141分の長丁場も一気に楽しませる本機の再生能力
DMR-BZT9000インプレッション text/ 林 正儀
シリーズ初の3Dコンテンツで、音声がDTS-HDマスターオーディオ 7.1chとくれば、磨きあげたクオリティをもつDMR-BZT9000にピッタリだ。
3D効果のハイライトは崖からの大ジャンプやスクッと突き出す刀剣、それに人魚のシークエンスなど。『パイレーツ・オブ・カリビアン/生命(いのち)の泉』は全体に被写界深度の浅い絵づくりで、アトラクション的な飛び出しにならないのが好ましい。DIGAの最高峰らしく、凄まじい高S/Nぶりとまたエッジや色処理も自然で、クロストークのない目に優しい立体映像。劇場以上の疲れにくさといえるだろう。
3Dでも色の鮮度が落ちないのは、ベースとなる発色のパワーやコントラストがずば抜けているからだ。黒階調のレンジが深く、グンと沈み込んで暗部まで潰れることがない。夜の波間に浮かぶ人魚の大群が奥の奥までクッキリと浮かび、見応えがある3D光景である。この場面は2Dでも猛烈な遠近を感じるシーンだが、BZT9000はいずれも完成度が高く、素早い動きにも追従する。人魚がダイナミックに空中を、そして空中から水中へと動き回るさまは圧巻で、小舟が襲われる場面は自分が海に引きずりこまれるような錯覚を持ったほど。また質感描写もハイレベルで、人魚シレーナの透明な肌や銀のウロコの光沢感は見事の一言。難しい霧の濃淡も、疑似信号に汚れることなくリアルに描いていた。
UniPhierを駆使した信号処理と、手ごたえのある剛性ボディが映像以上に効果的と感じるのが音響描写。際立つ解像力とS/Nの良さに加え、ゆるぎのない安定度が素晴らしい。ピュアオーディオ機のような雰囲気さえ感じさせる音の精度感と雄大なスケールのエフェクトが、『パイレーツ・オブ・カリビアン/生命(いのち)の泉』の重厚なタッチにマッチするのだ。テーマ音楽が一層パワフルで、一音一音の分離がよくキレ味鮮明。人魚の海は360度包囲の生々しいサラウンド効果で、いつ襲われるかわからない恐怖心がつのる。

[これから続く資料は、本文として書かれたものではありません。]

(* Let $G$ be a connected $m$-uniform hypergraph on $n$ vertices which is odd-colorable. Suppose its incidence matrix $B_G$ has Smith normal form over $\mathbb{Z}_m$ with nonzero diagonal entries $d_1,\dots,d_r$. Then (1) $s(\mathcal{Q}(G))=s(\mathcal{L}(G))=s(\mathcal{A}(G))=m^{n-1-r}\prod_{i=1}^r d_i$; (2) $s(\mathcal{Q}(G))=|\mathbb{PV}_{\rho(\mathcal{Q}(G))}(\mathcal{Q}(G))|=|\mathbb{PV}_0(\mathcal{Q}(G))|=|\mathbb{PV}_0(\mathcal{L}(G))|$.
   Context: An $m$-uniform hypergraph $G$ on vertices $v_1,\dots,v_n$ has edges that are $m$-subsets. Adjacency tensor $\mathcal{A}(G)$: order $m$, dimension $n$, entry $\frac1{(m-1)!}$ at $(i_1,\dots,i_m)$ if $\{v_{i_1},\dots,v_{i_m}\}$ is an edge, else $0$. $\mathcal{D}(G)$ is the diagonal tensor of vertex degrees; $\mathcal{L}(G)=\mathcal{D}(G)-\mathcal{A}(G)$ (Laplacian tensor) and $\mathcal{Q}(G)=\mathcal{D}(G)+\mathcal{A}(G)$ (signless Laplacian tensor). For even $m$, $G$ is odd-colorable if there is $f:V(G)\to[m]$ with $\sum_{v\in e}f(v)\equiv m/2\pmod m$ for every edge $e$. Incidence matrix $B_G$: $b_{e,v}=1$ if $v\in e$, else $0$. Smith normal form over $\mathbb{Z}_m$: invertible $P,Q$ over $\mathbb{Z}_m$ with $PB_GQ$ diagonal with entries $d_1,\dots,d_r,0,\dots,0$, $1\le d_i\le m-1$, $d_i\mid d_{i+1}$, $d_i\mid m$. For a tensor $\mathcal{T}$, $(\mathcal{T}x^{m-1})_i=\sum_{i_2,\dots,i_m}t_{ii_2\cdots i_m}x_{i_2}\cdots x_{i_m}$; $\rho(\mathcal{T})$ is the largest modulus of eigenvalues $\lambda$ (those with $\mathcal{T}x^{m-1}=\lambda x^{[m-1]}$, $x\ne0$, $x^{[m-1]}=(x_i^{m-1})$); $\mathbb{PV}_\lambda(\mathcal{T})=\{x\in\mathbb{P}^{n-1}:\mathcal{T}x^{m-1}=\lambda x^{[m-1]}\}$. Stabilizing index: $s(\mathcal{T})=|\{D=\mathrm{diag}(d_1,\dots,d_n)\text{ invertible complex}:\mathcal{T}=D^{-(m-1)}\mathcal{T}D,\ d_1=1\}|$, where $D^{-(m-1)}\mathcal{T}D$ has entries $d_{i_1}^{-(m-1)}t_{i_1\cdots i_m}d_{i_2}\cdots d_{i_m}$. *)

theory Defs
  imports Complex_Main
begin

text \<open>Vertices are 0,...,n-1 (v_{i+1} is vertex i). Tensors of order m and dimension n are functions on index
lists of length m with entries in {0..<n}; vectors in C^n are functions nat => complex
vanishing outside {0..<n}.\<close>

definition uniform_hypergraph :: "nat \<Rightarrow> nat \<Rightarrow> nat set set \<Rightarrow> bool" where
  "uniform_hypergraph m n E \<longleftrightarrow> (\<forall>e\<in>E. e \<subseteq> {0..<n} \<and> card e = m)"

definition hg_connected :: "nat \<Rightarrow> nat set set \<Rightarrow> bool" where
  "hg_connected n E \<longleftrightarrow>
     (\<forall>u<n. \<forall>v<n. (u, v) \<in> {(a, b). \<exists>e\<in>E. a \<in> e \<and> b \<in> e}\<^sup>*)"

definition odd_colorable :: "nat \<Rightarrow> nat set set \<Rightarrow> bool" where
  "odd_colorable m E \<longleftrightarrow> even m \<and>
     (\<exists>f :: nat \<Rightarrow> nat. (\<forall>v. f v \<in> {1..m}) \<and>
        (\<forall>e\<in>E. (\<Sum>v\<in>e. f v) mod m = m div 2))"

definition hg_degree :: "nat set set \<Rightarrow> nat \<Rightarrow> nat" where
  "hg_degree E v = card {e\<in>E. v \<in> e}"

definition idx :: "nat \<Rightarrow> nat \<Rightarrow> nat list set" where
  "idx k n = {is. length is = k \<and> set is \<subseteq> {0..<n}}"

definition adj_tensor :: "nat \<Rightarrow> nat \<Rightarrow> nat set set \<Rightarrow> nat list \<Rightarrow> complex" where
  "adj_tensor m n E is =
     (if is \<in> idx m n \<and> set is \<in> E then 1 / of_nat (fact (m - 1)) else 0)"

definition deg_tensor :: "nat \<Rightarrow> nat \<Rightarrow> nat set set \<Rightarrow> nat list \<Rightarrow> complex" where
  "deg_tensor m n E is =
     (if \<exists>i<n. is = replicate m i then of_nat (hg_degree E (hd is)) else 0)"

definition lap_tensor :: "nat \<Rightarrow> nat \<Rightarrow> nat set set \<Rightarrow> nat list \<Rightarrow> complex" where
  "lap_tensor m n E is = deg_tensor m n E is - adj_tensor m n E is"

definition slap_tensor :: "nat \<Rightarrow> nat \<Rightarrow> nat set set \<Rightarrow> nat list \<Rightarrow> complex" where
  "slap_tensor m n E is = deg_tensor m n E is + adj_tensor m n E is"

definition tensor_apply ::
  "nat \<Rightarrow> nat \<Rightarrow> (nat list \<Rightarrow> complex) \<Rightarrow> (nat \<Rightarrow> complex) \<Rightarrow> nat \<Rightarrow> complex" where
  "tensor_apply m n T x i = (\<Sum>is\<in>idx (m - 1) n. T (i # is) * (\<Prod>j<m - 1. x (is ! j)))"

definition eigenpair ::
  "nat \<Rightarrow> nat \<Rightarrow> (nat list \<Rightarrow> complex) \<Rightarrow> complex \<Rightarrow> (nat \<Rightarrow> complex) \<Rightarrow> bool" where
  "eigenpair m n T lam x \<longleftrightarrow> (\<forall>i\<ge>n. x i = 0) \<and> (\<exists>i<n. x i \<noteq> 0) \<and>
     (\<forall>i<n. tensor_apply m n T x i = lam * x i ^ (m - 1))"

圧巻は黒ひげの船が放つ火器の威力。まさに海の火炎放射器! 凄まじい轟音とともに一瞬海が明るくなり、すべてを焼き尽くす。厚く深みのあるセリフも聞かせ所で、人魚シレーナと牧師との愛の語らいが素晴らしい。バルボッサ、黒ひげ、アンジェリカ、ジャック・スパロウと役者が揃う生命の泉での壮絶な闘いは、最後の見どころ聞きどころだ。海賊と英国軍の入り乱れたスリリングなシチュエーションだが、バックに勇壮な「怒りの日(ベルリオーズの「幻想交響曲」でお馴染み)」が流れたり、音響的に盛り上げる。141分の長丁場も一気呵成に楽しませる本機の魅力に圧倒されっぱなしだった。